> **What you need to do**: Starting from the first line below, copy the whole listing exactly.

*** Dataset records ***

lemma reach_in_edge_closed:
  assumes "edge_closed E X U" "reach_in E U x z" "x \<in> X"
  shows "z \<in> X"
  using assms(2,3) unfolding reach_in_def
proof (induction rule: rtranclp_induct)
  case (step z w)
  then show ?case using assms(1) unfolding edge_closed_def by blast
qed

lemma disconnected_onI:
  assumes "edge_closed E X U" "X \<subseteq> U" "x \<in> X" "y \<in> U" "y \<notin> X"
  shows "disconnected_on E U"
  using assms reach_in_edge_closed[OF assms(1) _ assms(3)] unfolding disconnected_on_def by blast

lemma disconnected_onE:
  assumes "disconnected_on E U"
  obtains C where "C \<subseteq> U" "C \<noteq> {}" "U - C \<noteq> {}" "edge_closed E C U"
proof -
  obtain p q where pq: "p \<in> U" "q \<in> U" "\<not> reach_in E U p q"
    using assms unfolding disconnected_on_def by blast
  define C where "C = {z. reach_in E U p z}"
  have "C \<subseteq> U" unfolding C_def using reach_in_mem[OF _ pq(1)] by blast
  moreover have "p \<in> C" unfolding C_def reach_in_def by simp
  moreover have "q \<in> U - C" using pq unfolding C_def by simp
  moreover have "edge_closed E C U"
    unfolding edge_closed_def
  proof (intro ballI impI)
    fix u w assume "u \<in> C" "w \<in> U" "E u w"
    with \<open>C \<subseteq> U\<close> have "reach_in E U p u" "u \<in> U" unfolding C_def by auto
    with \<open>w \<in> U\<close> \<open>E u w\<close> have "reach_in E U p w"
      unfolding reach_in_def by (simp add: rtranclp.rtrancl_into_rtrancl)
    then show "w \<in> C" unfolding C_def by simp
  qed
  ultimately show ?thesis using that by blast
qed

lemma edge_closed_complement:
  assumes "\<And>x y. E x y \<Longrightarrow> E y x" "edge_closed E C U"
  shows "edge_closed E (U - C) U"
  using assms unfolding edge_closed_def by blast

lemma connected_edge_closed_eq:
  assumes "connected_on E V" "edge_closed E X V" "X \<subseteq> V" "x \<in> X"
  shows "X = V"
  using assms disconnected_onI[OF assms(2,3,4)]
  unfolding connected_on_def disconnected_on_def by blast

lemma vertex_cutI:
  assumes "S \<subseteq> V" "X \<subseteq> V - S" "edge_closed E X (V - S)" "x \<in> X" "y \<in> V - S" "y \<notin> X"
  shows "vertex_cut V E S"
  unfolding vertex_cut_def using assms disconnected_onI[OF assms(3)] by blast

lemma vertex_cutI_card:
  assumes "finite V" "S \<subseteq> V" "X \<subseteq> V - S" "edge_closed E X (V - S)" "x \<in> X"
    and "card (S \<union> X) < card V"
  shows "vertex_cut V E S"
proof -
  have "S \<union> X \<subseteq> V" using assms(2,3) by blast
  then have "finite (S \<union> X)" using assms(1) by (rule finite_subset)
  have "\<not> V \<subseteq> S \<union> X"
  proof
    assume "V \<subseteq> S \<union> X"
    with \<open>finite (S \<union> X)\<close> have "card V \<le> card (S \<union> X)" by (rule card_mono)
    with assms(6) show False by linarith
  qed
  then obtain y where "y \<in> V" "y \<notin> S \<union> X" by blast
  then show ?thesis using vertex_cutI[OF assms(2-5)] by blast
qed

lemma connectivity_candidates_finite:
  "finite V \<Longrightarrow> finite {card S | S. S \<subseteq> V \<and> (disconnected_on E (V - S) \<or> card (V - S) \<le> 1)}"
  by (rule finite_subset[of _ "{..card V}"]) (auto intro: card_mono)

lemma connectivity_le_card:
  assumes "finite V" "vertex_cut V E S"
  shows "connectivity V E \<le> card S"
  unfolding connectivity_def
  by (rule Min_le[OF connectivity_candidates_finite[OF assms(1)]])
    (use assms(2) in \<open>auto simp: vertex_cut_def\<close>)
theorem theorem6:
  fixes K :: "'k vmon" and AP :: "'a set" and k :: 'k and \<phi> :: "('k, 'a) ltl"
  assumes "idem_ordered_tgp K"
    and "finite AP"
    and "k \<noteq> vzero K" and "k \<noteq> vone K"
    and "\<phi> \<in> tRULTL K AP k"
  shows "k_safe K AP k (sem K \<phi>)"
proof -
  interpret tgp_valuation_monoid K
    using assms(1) by (rule tgp_valuation_monoidI)
  show ?thesis
    using k_safe_tRULTL[OF assms(3,5)] .
qed

end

*** End of Dataset records ***

> **Response area**:
lemma reach_in_edge_closed:
  assumes "edge_closed E X U" "reach_in E U x z" "x \<in> X"
  shows "z \<in> X"
  using assms(2,3) unfolding reach_in_def
proof (induction rule: rtranclp_induct)
  case (step z w)
  then show ?case using assms(1) unfolding edge_closed_def by blast
qed

lemma disconnected_onI:
  assumes "edge_closed E X U" "X \<subseteq> U" "x \<in> X" "y \<in> U" "y \<notin> X"
  shows "disconnected_on E U"
  using assms reach_in_edge_closed[OF assms(1) _ assms(3)] unfolding disconnected_on_def by blast

lemma disconnected_onE:
  assumes "disconnected_on E U"
  obtains C where "C \<subseteq> U" "C \<noteq> {}" "U - C \<noteq> {}" "edge_closed E C U"
proof -
  obtain p q where pq: "p \<in> U" "q \<in> U" "\<not> reach_in E U p q"
    using assms unfolding disconnected_on_def by blast
  define C where "C = {z. reach_in E U p z}"
  have "C \<subseteq> U" unfolding C_def using reach_in_mem[OF _ pq(1)] by blast
  moreover have "p \<in> C" unfolding C_def reach_in_def by simp
  moreover have "q \<in> U - C" using pq unfolding C_def by simp
  moreover have "edge_closed E C U"
    unfolding edge_closed_def
  proof (intro ballI impI)
    fix u w assume "u \<in> C" "w \<in> U" "E u w"
    with \<open>C \<subseteq> U\<close> have "reach_in E U p u" "u \<in> U" unfolding C_def by auto
    with \<open>w \<in> U\<close> \<open>E u w\<close> have "reach_in E U p w"
      unfolding reach_in_def by (simp add: rtranclp.rtrancl_into_rtrancl)
    then show "w \<in> C" unfolding C_def by simp
  qed
  ultimately show ?thesis using that by blast
qed

lemma edge_closed_complement:
  assumes "\<And>x y. E x y \<Longrightarrow> E y x" "edge_closed E C U"
  shows "edge_closed E (U - C) U"
  using assms unfolding edge_closed_def by blast

lemma connected_edge_closed_eq:
  assumes "connected_on E V" "edge_closed E X V" "X \<subseteq> V" "x \<in> X"
  shows "X = V"
  using assms disconnected_onI[OF assms(2,3,4)]
  unfolding connected_on_def disconnected_on_def by blast

lemma vertex_cutI:
  assumes "S \<subseteq> V" "X \<subseteq> V - S" "edge_closed E X (V - S)" "x \<in> X" "y \<in> V - S" "y \<notin> X"
  shows "vertex_cut V E S"
  unfolding vertex_cut_def using assms disconnected_onI[OF assms(3)] by blast

lemma vertex_cutI_card:
  assumes "finite V" "S \<subseteq> V" "X \<subseteq> V - S" "edge_closed E X (V - S)" "x \<in> X"
    and "card (S \<union> X) < card V"
  shows "vertex_cut V E S"
proof -
  have "S \<union> X \<subseteq> V" using assms(2,3) by blast
  then have "finite (S \<union> X)" using assms(1) by (rule finite_subset)
  have "\<not> V \<subseteq> S \<union> X"
  proof
    assume "V \<subseteq> S \<union> X"
    with \<open>finite (S \<union> X)\<close> have "card V \<le> card (S \<union> X)" by (rule card_mono)
    with assms(6) show False by linarith
  qed
  then obtain y where "y \<in> V" "y \<notin> S \<union> X" by blast
  then show ?thesis using vertex_cutI[OF assms(2-5)] by blast
qed

lemma connectivity_candidates_finite:
  "finite V \<Longrightarrow> finite {card S | S. S \<subseteq> V \<and> (disconnected_on E (V - S) \<or> card (V - S) \<le> 1)}"
  by (rule finite_subset[of _ "{..card V}"]) (auto intro: card_mono)

lemma connectivity_le_card:
  assumes "finite V" "vertex_cut V E S"
  shows "connectivity V E \<le> card S"
  unfolding connectivity_def
  by (rule Min_le[OF connectivity_candidates_finite[OF assms(1)]])
    (use assms(2) in \<open>auto simp: vertex_cut_def\<close>)
theorem theorem6:
  fixes K :: "'k vmon" and AP :: "'a set" and k :: 'k and \<phi> :: "('k, 'a) ltl"
  assumes "idem_ordered_tgp K"
    and "finite AP"
    and "k \<noteq> vzero K" and "k \<noteq> vone K"
    and "\<phi> \<in> tRULTL K AP k"
  shows "k_safe K AP k (sem K \<phi>)"
proof -
  interpret tgp_valuation_monoid K
    using assms(1) by (rule tgp_valuation_monoidI)
  show ?thesis
    using k_safe_tRULTL[OF assms(3,5)] .
qed

end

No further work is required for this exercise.